ECLI:NL:GHAMS:2024:2892

Gerechtshof Amsterdam

Datum uitspraak
15 oktober 2024
Publicatiedatum
16 oktober 2024
Zaaknummer
200.319.623/01
Instantie
Gerechtshof Amsterdam
Type
Uitspraak
Rechtsgebied
Civiel recht
Procedures
  • Hoger beroep
Vindplaatsen
  • Rechtspraak.nl
AI samenvatting door LexboostAutomatisch gegenereerd

Beroepsaansprakelijkheid van een notaris in het kader van een koopovereenkomst en de gevolgen van onjuiste informatie over erfpacht

In deze zaak gaat het om de beroepsaansprakelijkheid van een notaris, [appellant 2], die in opdracht van [geïntimeerden] heeft opgetreden bij de koop en levering van een appartementsrecht. [geïntimeerden] verwijten [appellant 2] dat hij hen onjuist en onvolledig heeft voorgelicht over de hoogte van de erfpachtcanon bij gebruik van het gekochte als woning. Ze vorderen schadevergoeding voor de hierdoor geleden schade. De rechtbank oordeelt dat [appellant 2] toerekenbaar tekort is geschoten in de nakoming van de overeenkomst en heeft een deskundige benoemd om de schade te berekenen. [appellanten] hebben tussentijds hoger beroep ingesteld.

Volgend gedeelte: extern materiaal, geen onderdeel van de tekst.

lemma closed_upper_stable_eq_Union_schubert:
  fixes X :: "(nat \<Rightarrow> (complex, 'n::{finite,wellorder}) vec set) set"
  assumes closed: "closedin flag_top X"
    and stable: "\<And>g b. g \<in> GL \<Longrightarrow> b \<in> upper_tri \<Longrightarrow> flag g \<in> X \<Longrightarrow> flag (b ** g) \<in> X"
  shows "X = (\<Union>w\<in>{w. w permutes UNIV \<and> schubert w \<subseteq> X}. schubert w)"
proof
  show "X \<subseteq> (\<Union>w\<in>{w. w permutes UNIV \<and> schubert w \<subseteq> X}. schubert w)"
  proof
    fix F assume "F \<in> X"
    then obtain g where g: "g \<in> GL" "F = flag g"
      using closedin_subset[OF closed] topspace_flag_top by auto
    obtain b w where b: "b \<in> upper_tri" and w: "w permutes UNIV"
      and bw: "b ** perm_mat w \<in> GL" "flag g = flag (b ** perm_mat w)"
      using flag_in_bruhat_cell[OF g(1)] by blast
    let ?cell = "{flag (b' ** perm_mat w) | b'. b' \<in> upper_tri}"
    have "?cell \<subseteq> X"
    proof
      fix G assume "G \<in> ?cell"
      then obtain b' where b': "b' \<in> upper_tri" "G = flag (b' ** perm_mat w)" by blast
      have "(b' ** matrix_inv b) ** (b ** perm_mat w) = b' ** (matrix_inv b ** b) ** perm_mat w"
        by (simp add: matrix_mul_assoc)
      also have "\<dots> = b' ** perm_mat w"
        using b by (simp add: matrix_inv_left upper_tri_iff)
      finally show "G \<in> X"
        using stable[OF bw(1) upper_tri_mult[OF b'(1) upper_tri_matrix_inv[OF b]]] \<open>F \<in> X\<close> g(2) bw(2) b'(2)
        by simp
    qed
    then have "schubert w \<subseteq> X"
      unfolding schubert_def using closed by (rule closure_of_minimal)
    have "F \<in> ?cell"
      using b g(2) bw(2) by blast
    then have "F \<in> schubert w"
      unfolding schubert_def using \<open>?cell \<subseteq> X\<close> closedin_subset[OF closed]
      by (meson closure_of_subset subset_trans subsetD)
    then show "F \<in> (\<Union>w\<in>{w. w permutes UNIV \<and> schubert w \<subseteq> X}. schubert w)"
      using w \<open>schubert w \<subseteq> X\<close> by blast
  qed
qed blast

section \<open>Hessenberg spaces\<close>

lemma hess_space_mult_upper_left:
  fixes b :: "'n::{finite,wellorder} cmat"
  assumes "upper_triangular b" "A \<in> hess_space h"
  shows "b ** A \<in> hess_space h"
proof -
  have "b $ k $ m * A $ m $ l = 0" if "h l < idx k" for k l m
  proof (cases "m < k")
    case True
    then show ?thesis using assms(1) by (simp add: upper_triangular_def)
  next
    case False
    then have "h l < idx m" using that idx_le_iff[of k m] by (simp add: not_less)
    then show ?thesis using assms(2) by (simp add: hess_space_def)
  qed
  then show ?thesis by (auto simp: hess_space_def matrix_matrix_mult_def intro!: sum.neutral)
qed

lemma hess_space_mult_upper_right:
  fixes c :: "'n::{finite,wellorder} cmat"
  assumes "mono h" "upper_triangular c" "A \<in> hess_space h"
  shows "A ** c \<in> hess_space h"
proof -
  have "A $ k $ m * c $ m $ l = 0" if "h l < idx k" for k l m
  proof (cases "l < m")
    case True
    then show ?thesis using assms(2) by (simp add: upper_triangular_def)
  next
    case False
    then have "h m \<le> h l" using assms(1) by (simp add: monoD not_less)
    then show ?thesis using assms(3) that by (simp add: hess_space_def)
  qed
  then show ?thesis by (auto simp: hess_space_def matrix_matrix_mult_def intro!: sum.neutral)
qed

In hoger beroep betwisten [appellanten] zowel de tekortkoming als het causaal verband tussen de beroepsfout en de gestelde schade. Het hof behandelt de grieven van [appellanten] en concludeert dat [geïntimeerden] onvoldoende hebben aangetoond dat zij schade hebben geleden als gevolg van de gestelde tekortkoming. Het hof oordeelt dat zelfs als [appellant 2] tekortgeschoten is, [geïntimeerden] niet hebben bewezen dat zij het pand voor een lager bedrag zouden hebben gekocht of dat zij in een betere vermogenspositie zouden zijn geweest zonder de tekortkoming. Het hof vernietigt het vonnis van de rechtbank en wijst de vorderingen van [geïntimeerden] af, waarbij zij in de proceskosten worden veroordeeld.

Uitspraak

GERECHTSHOF AMSTERDAM

afdeling civiel recht en belastingrecht, team I
zaaknummer : 200.319.623/01
zaaknummer rechtbank Amsterdam : C/13714915 HAZA 22-210
arrest van de meervoudige burgerlijke kamer van 15 oktober 2024
in de zaak van

1.[appellant 1] B.V.,

gevestigd te [vestigingsplaats] ,
2.
[appellant 2] ,
wonende te [woonplaats] ,
appellanten,
advocaat: mr. H.J. Delhaas te Amsterdam,
tegen

1.[geïntimeerde 1] ,

2.
[geïntimeerde 2] ,
beiden wonende te [vestigingsplaats] ,
geïntimeerden,
advocaat: mr. B.P. van Overeem te Amsterdam.
Partijen worden hierna afzonderlijk [appellant 1] B.V., [appellant 2] , [geïntimeerde 1] en [geïntimeerde 2] genoemd en gezamenlijk [appellanten] en [geïntimeerden]
Appellanten worden hierna gezamenlijk ook wel aangeduid als ‘de notaris’.

1.De zaak in het kort

[appellant 2] is in opdracht van [geïntimeerden] als notaris opgetreden bij de koop en levering van een appartementsrecht. [geïntimeerden] verwijten [appellant 2] dat hij is tekortgeschoten in de nakoming van de overeenkomst van opdracht door hun onvolledig en/of onjuist voor te lichten over de hoogte van de te betalen erfpachtcanon bij gebruik van het gekochte als woning en vorderen vergoeding van de hierdoor geleden schade. [appellanten] betwisten zowel de tekortkoming als het causaal verband tussen zijn gedragingen en de door [geïntimeerden] gestelde schade.
De rechtbank heeft geoordeeld dat [appellant 2] toerekenbaar tekort is geschoten in de nakoming van de overeenkomst tussen partijen en heeft benoeming van een deskundige aangekondigd ter voorlichting over de hoogte van de schade. Op verzoek van [appellanten] is tussentijds hoger beroep opengesteld.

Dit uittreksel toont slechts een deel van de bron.